Description Carsten Lichy-Bittendorf 2017-11-03 13:32:20 UTC
Created attachment 1347364 [details]
logs where eviction behaves badly

Description of problem:
since upgrade to OCP 3.5 sometimes the eviction manager deletes all pods from a node under pressure

Version-Release number of selected component (if applicable):


How reproducible:

nodes have this eviction setting in /etc/origin/node/node-config.yaml

kubeletArguments:
  eviction-hard:
  - memory.available<20%

Before the eviction :
see files describe-node-before.txt and pods-before.txt

launch a memory hog on the node to slightly raise the limit :
see the file Screenshot-2017-11-3 Grafana - PaaS cluster view(1).png at 11:13


Actual results:
- On some occasions all pods get killed, see files describe-node-after.txt, pods-after.txt and cdyi0544-journal.log.gz

Expected results:
- Eviction should select pod to kill to free memory, kill the pod and stop processing when the threshold fall back below 80%.

Additional info:
- looks like a regression as it worked on OCP3.4 as expected when tested last
- In the logs cdyi0544-journal.log.gz, there are many lines like that  :
W1103 11:18:20.779379   75247 eviction_manager.go:117] Failed to admit pod dc-springboot-1-ngvlm_springboot-sdev(5120a265-c080-11e7-8374-005056bf9134) - node has conditions: %v%!(EXTRA []api.NodeConditionType=[MemoryPressure]) which are not seen in a good run

Comment 10 Seth Jennings 2017-11-06 14:42:45 UTC
OCP 3.6 PR:
https://github.com/openshift/ose/pull/920

Backporting to 3.5 is problematic since the code has changed quite a bit.

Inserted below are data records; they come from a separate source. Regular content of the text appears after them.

(* Let $X\in\mathbb{R}^{n\times r}$ have linearly independent columns and let $A\in\mathbb{R}^{r\times r}$ be skewsymmetric. Let $Y$ be the random subset of $\{1,\dots,n\}$ with law $$\mathbb{P}(Y=\mathtt{C})=\frac{1}{\det(A+X^\top X)}\det\begin{bmatrix}0_{|\mathtt{C}|}&X_{\mathtt{C}:}\\-(X_{\mathtt{C}:})^\top&A\end{bmatrix}.$$ Then for every $T\subseteq\{1,\dots,n\}$, $$\mathbb{P}(T\subseteq Y)=\det\big(K_{TT}\big),\qquad K=X(A+X^\top X)^{-1}X^\top,$$ where $K_{TT}$ is the principal submatrix of $K$ indexed by $T$.
   Context: $X_{\mathtt{C}:}$ is the submatrix of $X$ with rows indexed by $\mathtt{C}$ in increasing order. $0_m$ is the $m\times m$ zero matrix. For $\mathtt{C}=\emptyset$ the block matrix is $A$. The determinant of the empty matrix is $1$. *)

theory Defs
  imports "Jordan_Normal_Form.Determinant" "Jordan_Normal_Form.DL_Submatrix"
begin

text \<open>Inverse of a square matrix (meaningful when the matrix is invertible).\<close>
definition inv_mat :: "real mat \<Rightarrow> real mat" where
  "inv_mat M = (SOME B. B \<in> carrier_mat (dim_row M) (dim_row M) \<and>
                        M * B = 1\<^sub>m (dim_row M) \<and> B * M = 1\<^sub>m (dim_row M))"

definition rows_sub :: "real mat \<Rightarrow> nat set \<Rightarrow> real mat" where
  "rows_sub X C = submatrix X C UNIV"

definition dpp_weight :: "real mat \<Rightarrow> real mat \<Rightarrow> nat set \<Rightarrow> real" where
  "dpp_weight X A C = det (four_block_mat (0\<^sub>m (card C) (card C)) (rows_sub X C)
                                         (- transpose_mat (rows_sub X C)) A)"

definition dpp_prob :: "real mat \<Rightarrow> real mat \<Rightarrow> nat set \<Rightarrow> real" where
  "dpp_prob X A C = dpp_weight X A C / det (A + transpose_mat X * X)"

definition dpp_kernel :: "real mat \<Rightarrow> real mat \<Rightarrow> real mat" where
  "dpp_kernel X A = X * inv_mat (A + transpose_mat X * X) * transpose_mat X"

end

theory Submission
  imports Defs
begin

(* Let B = [0_n, X; -X^T, A]. Replacing the columns of B indexed by {0..<n} - C with unit
   columns leaves a matrix whose determinant is the principal minor of B on C \<union> {n..<n+r},
   i.e. the weight of C. The determinant is linear in each column, so summing these
   determinants over all C containing T gives det (B + D), where D is the 0/1 diagonal matrix
   supported on {0..<n} - T. A block factorisation through G = A + X^T X, which is invertible
   because v^T G v = |X v|^2 for skew A, yields det (B + D) = det G * det (I - P + K P), where
   P = I - D on the first n coordinates; by the same unit-column argument the last factor is
   the principal minor K_TT. *)

definition unit_cols :: "'a :: zero_neq_one mat \<Rightarrow> nat set \<Rightarrow> 'a mat" where
  "unit_cols M S = mat (dim_row M) (dim_col M)
     (\<lambda>(i, j). if j \<in> S then (if i = j then 1 else 0) else M $$ (i, j))"

definition diag_indicator_mat :: "nat \<Rightarrow> nat set \<Rightarrow> 'a :: zero_neq_one mat" where
  "diag_indicator_mat m J = mat m m (\<lambda>(i, j). if i = j \<and> i \<in> J then 1 else 0)"

lemma unit_cols_carrier [simp]: "M \<in> carrier_mat m m \<Longrightarrow> unit_cols M S \<in> carrier_mat m m"
  unfolding unit_cols_def by auto

lemma unit_cols_empty [simp]: "unit_cols M {} = M"
  unfolding unit_cols_def by (rule eq_matI) auto

lemma unit_cols_unit_cols: "unit_cols (unit_cols M S) S' = unit_cols M (S \<union> S')"
  unfolding unit_cols_def by (rule eq_matI) auto

lemma diag_indicator_mat_carrier [simp]: "diag_indicator_mat m J \<in> carrier_mat m m"
  unfolding diag_indicator_mat_def by auto

lemma det_col_add:
  fixes M1 M2 M :: "'a :: comm_ring_1 mat"
  assumes M: "M1 \<in> carrier_mat m m" "M2 \<in> carrier_mat m m" "M \<in> carrier_mat m m"
    and j: "j < m"
    and other_cols: "\<And>i k. i < m \<Longrightarrow> k < m \<Longrightarrow> k \<noteq> j \<Longrightarrow>
                             M1 $$ (i, k) = M $$ (i, k) \<and> M2 $$ (i, k) = M $$ (i, k)"
    and col_j: "\<And>i. i < m \<Longrightarrow> M $$ (i, j) = M1 $$ (i, j) + M2 $$ (i, j)"
  shows "det M = det M1 + det M2"
proof -
  have same_cofactor: "cofactor M1 i j = cofactor M i j" "cofactor M2 i j = cofactor M i j"
    if "i < m" for i
  proof -
    have "mat_delete N i j = mat_delete M i j" if "N = M1 \<or> N = M2" for N
      by (rule eq_matI) (use M that other_cols in \<open>auto simp: mat_delete_def\<close>)
    then show "cofactor M1 i j = cofactor M i j" "cofactor M2 i j = cofactor M i j"
      by (auto simp: cofactor_def)
  qed
  have "det M = (\<Sum>i<m. M $$ (i, j) * cofactor M i j)"
    by (rule laplace_expansion_column[OF M(3) j])
  also have "\<dots> = (\<Sum>i<m. M1 $$ (i, j) * cofactor M1 i j) + (\<Sum>i<m. M2 $$ (i, j) * cofactor M2 i j)"
    by (simp add: sum.distrib[symmetric] col_j same_cofactor distrib_right)
  also have "\<dots> = det M1 + det M2"
    using laplace_expansion_column[OF M(1) j] laplace_expansion_column[OF M(2) j] by simp
  finally show ?thesis .
qed

lemma det_add_diag_indicator_mat:
  fixes M :: "'a :: comm_ring_1 mat"
  assumes M: "M \<in> carrier_mat m m" and J: "J \<subseteq> {0..<m}"
  shows "det (M + diag_indicator_mat m J) = (\<Sum>S\<in>Pow J. det (unit_cols M S))"
proof -
  have "finite J" using J finite_subset by blast
  then show ?thesis using M J
  proof (induction J arbitrary: M rule: finite_induct)
    case empty
    have "M + diag_indicator_mat m {} = M"
      using empty.prems by (intro eq_matI) (auto simp: diag_indicator_mat_def)
    then show ?case by simp
  next
    case (insert j J)
    have j: "j < m" using insert.prems by auto
    have "det (M + diag_indicator_mat m (insert j J))
        = det (M + diag_indicator_mat m J) + det (unit_cols M {j} + diag_indicator_mat m J)"
      by (rule det_col_add[OF _ _ _ j])
         (use insert j in \<open>auto simp: diag_indicator_mat_def unit_cols_def\<close>)
    also have "\<dots> = (\<Sum>S\<in>Pow J. det (unit_cols M S)) + (\<Sum>S\<in>Pow J. det (unit_cols M (insert j S)))"
      using insert by (simp add: unit_cols_unit_cols)
    also have "(\<Sum>S\<in>Pow J. det (unit_cols M (insert j S))) = (\<Sum>S\<in>insert j ` Pow J. det (unit_cols M S))"
    proof -
      have "inj_on (insert j) (Pow J)"
        using insert.hyps(2) by (meson PowD inj_onI insert_ident subset_iff)
      then show ?thesis by (simp add: sum.reindex)
    qed
    also have "(\<Sum>S\<in>Pow J. det (unit_cols M S)) + \<dots> = (\<Sum>S\<in>Pow (insert j J). det (unit_cols M S))"
      unfolding Pow_insert by (rule sum.union_disjoint[symmetric]) (use insert.hyps in auto)
    finally show ?case .
  qed
qed

lemma submatrix_dims_index:
  assumes I: "I \<subseteq> {0..<dim_row M}" and J: "J \<subseteq> {0..<dim_col M}"
  shows "dim_row (submatrix M I J) = card I" "dim_col (submatrix M I J) = card J"
    and "a < card I \<Longrightarrow> b < card J \<Longrightarrow> submatrix M I J $$ (a, b) = M $$ (pick I a, pick J b)"
proof -
  have "{i. i < dim_row M \<and> i \<in> I} = I" "{j. j < dim_col M \<and> j \<in> J} = J"
    using I J by auto
  then show "dim_row (submatrix M I J) = card I" "dim_col (submatrix M I J) = card J"
    and "a < card I \<Longrightarrow> b < card J \<Longrightarrow> submatrix M I J $$ (a, b) = M $$ (pick I a, pick J b)"
    by (simp_all add: dim_submatrix submatrix_index)
qed

lemma det_conj_permutes:
  fixes M :: "'a :: comm_ring_1 mat"
  assumes M: "M \<in> carrier_mat m m" and p: "p permutes {0..<m}"
  shows "det (mat m m (\<lambda>(i, j). M $$ (p i, p j))) = det M"
proof -
  define N where "N = mat m m (\<lambda>(i, j). M $$ (p i, j))"
  have N: "N \<in> carrier_mat m m" unfolding N_def by simp
  have p_lt: "i < m \<Longrightarrow> p i < m" for i using permutes_in_image[OF p] by simp
  have "transpose_mat (mat m m (\<lambda>(i, j). M $$ (p i, p j))) = mat m m (\<lambda>(i, j). transpose_mat N $$ (p i, j))"
    unfolding N_def by (rule eq_matI) (auto simp: p_lt)
  then have "det (mat m m (\<lambda>(i, j). M $$ (p i, p j))) = signof p * det (transpose_mat N)"
    using det_transpose[of "mat m m (\<lambda>(i, j). M $$ (p i, p j))" m] det_permute_rows[of "transpose_mat N" m p] N p
    by auto
  also have "\<dots> = signof p * (signof p * det M)"
    using det_transpose[OF N] det_permute_rows[OF M p] unfolding N_def by simp
  also have "\<dots> = det M" by (simp add: sign_def)
  finally show ?thesis .
qed

lemma card_less_elems_lt_card:
  fixes R :: "'a :: preorder set"
  assumes "finite R" "x \<in> R"
  shows "card {y \<in> R. y < x} < card R"
proof -
  have "card {y \<in> R. y < x} \<le> card (R - {x})"
    using assms(1) by (intro card_mono) auto
  also have "\<dots> < card R"
    using assms by (rule card_Diff1_less)
  finally show ?thesis .
qed

lemma pick_concat_permutes:
  assumes RS: "R \<union> S = {0..<m}" "R \<inter> S = {}"
  shows "(\<lambda>a. if a < card R then pick R a else if a < m then pick S (a - card R) else a) permutes {0..<m}"
    (is "?g permutes _")
proof -
  have fin: "finite R" "finite S"
    using finite_subset[of _ "{0..<m}"] RS(1) by blast+
  have m: "m = card R + card S"
    using card_Un_disjoint[OF fin RS(2)] RS(1) by simp
  have "?g a \<in> {0..<m}" if "a \<in> {0..<m}" for a
  proof (cases "a < card R")
    case True
    then show ?thesis using RS pick_in_set[OF disjI1, of a R] by auto
  next
    case False
    then have "a - card R < card S" using that m by auto
    then show ?thesis using RS pick_in_set[OF disjI1, of "a - card R" S] that False by auto
  qed
  then have "?g ` {0..<m} \<subseteq> {0..<m}" by blast
  moreover have "{0..<m} \<subseteq> ?g ` {0..<m}"
  proof
    fix x assume "x \<in> {0..<m}"
    then consider "x \<in> R" | "x \<in> S" using RS by blast
    then show "x \<in> ?g ` {0..<m}"
    proof cases
      case 1
      then have "x = ?g (card {y \<in> R. y < x})" "card {y \<in> R. y < x} \<in> {0..<m}"
        using pick_card_in_set[OF 1] card_less_elems_lt_card[OF fin(1) 1] m by simp_all
      then show ?thesis by (rule image_eqI)
    next
      case 2
      then have "x = ?g (card R + card {y \<in> S. y < x})" "card R + card {y \<in> S. y < x} \<in> {0..<m}"
        using pick_card_in_set[OF 2] card_less_elems_lt_card[OF fin(2) 2] m by simp_all
      then show ?thesis by (rule image_eqI)
    qed
  qed
  ultimately have img: "?g ` {0..<m} = {0..<m}" by (rule subset_antisym)
  have "inj_on ?g {0..<m}"
    by (rule eq_card_imp_inj_on) (simp_all only: img finite_atLeastLessThan)
  with img have "bij_betw ?g {0..<m} {0..<m}" unfolding bij_betw_def by blast
  moreover have "?g a = a" if "a \<notin> {0..<m}" for a
    using that m by simp
  ultimately show ?thesis by (rule bij_imp_permutes)
qed

lemma det_unit_cols:
  fixes M :: "'a :: idom mat"
  assumes M: "M \<in> carrier_mat m m" and S: "S \<subseteq> {0..<m}"
  shows "det (unit_cols M S) = det (submatrix M ({0..<m} - S) ({0..<m} - S))"
proof -
  define R where "R = {0..<m} - S"
  define k where "k = card R"
  define g where "g = (\<lambda>a. if a < k then pick R a else if a < m then pick S (a - k) else a)"
  have RS: "R \<union> S = {0..<m}" "R \<inter> S = {}" using S unfolding R_def by auto
  have g: "g permutes {0..<m}" unfolding g_def k_def by (rule pick_concat_permutes[OF RS])
  have m: "m = k + card S"
    using card_Un_disjoint[of R S] RS finite_subset[OF S] unfolding k_def R_def by simp
  have g_lt: "g a < m" if "a < m" for a using permutes_in_image[OF g] that by simp
  have g_eq: "g a = g b \<longleftrightarrow> a = b" for a b using permutes_inj[OF g] by (simp add: inj_eq)
  have gR: "g a = pick R a" "g a \<notin> S" if "a < k" for a
    using that pick_in_set[OF disjI1, of a R] unfolding g_def k_def R_def by auto
  have gS: "g a \<in> S" if "k \<le> a" "a < m" for a
    using that m pick_in_set[OF disjI1, of "a - k" S] unfolding g_def by auto
  define Q where "Q = submatrix M R R"
  have R_sub: "R \<subseteq> {0..<dim_row M}" "R \<subseteq> {0..<dim_col M}" using M unfolding R_def by auto
  have Q: "Q \<in> carrier_mat k k"
    unfolding Q_def k_def using submatrix_dims_index(1,2)[OF R_sub] by auto
  have Q_index: "Q $$ (a, b) = M $$ (g a, g b)" if "a < k" "b < k" for a b
    using submatrix_dims_index(3)[OF R_sub] that gR(1) unfolding Q_def k_def by simp
  define Y where "Y = mat (m - k) k (\<lambda>(a, b). M $$ (g (k + a), g b))"
  (* g lists R before S, so conjugating by g moves the unit columns to an identity block
     in the lower right corner, above which there are only zeros. *)
  have "mat m m (\<lambda>(a, b). unit_cols M S $$ (g a, g b)) = four_block_mat Q (0\<^sub>m k (m - k)) Y (1\<^sub>m (m - k))"
  proof (rule eq_matI)
    fix a b assume "a < dim_row (four_block_mat Q (0\<^sub>m k (m - k)) Y (1\<^sub>m (m - k)))"
      "b < dim_col (four_block_mat Q (0\<^sub>m k (m - k)) Y (1\<^sub>m (m - k)))"
    then have ab: "a < m" "b < m" using Q m by auto
    show "mat m m (\<lambda>(a, b). unit_cols M S $$ (g a, g b)) $$ (a, b)
        = four_block_mat Q (0\<^sub>m k (m - k)) Y (1\<^sub>m (m - k)) $$ (a, b)"
      using ab M Q m g_lt[OF ab(1)] g_lt[OF ab(2)] gR[of b] gS[of b] g_eq[of a b] Q_index[of a b]
      by (cases "a < k"; cases "b < k") (auto simp: unit_cols_def Y_def)
  qed (use Q m in auto)
  then have "det (unit_cols M S) = det (four_block_mat Q (0\<^sub>m k (m - k)) Y (1\<^sub>m (m - k)))"
    using det_conj_permutes[OF unit_cols_carrier[OF M] g, of S] by simp
  also have "\<dots> = det Q"
    by (subst det_four_block_mat_upper_right_zero[OF Q refl]) (auto simp: Y_def)
  finally show ?thesis unfolding Q_def R_def .
qed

Comment 16 weiwei jiang 2018-01-25 08:50:31 UTC
Checked with # openshift version
openshift v3.6.173.0.96
kubernetes v1.6.1+5115d708d7
etcd 3.2.1

And now eviction will not evict all pods at the same time, so verify this issue.

Comment 19 errata-xmlrpc 2018-04-12 05:59:07 UTC
Since the problem described in this bug report should be
resolved in a recent advisory, it has been closed with a
resolution of ERRATA.

For information on the advisory, and where to find the updated
files, follow the link below.

If the solution does not work for you, open a new bug report.

https://access.redhat.com/errata/RHBA-2018:1106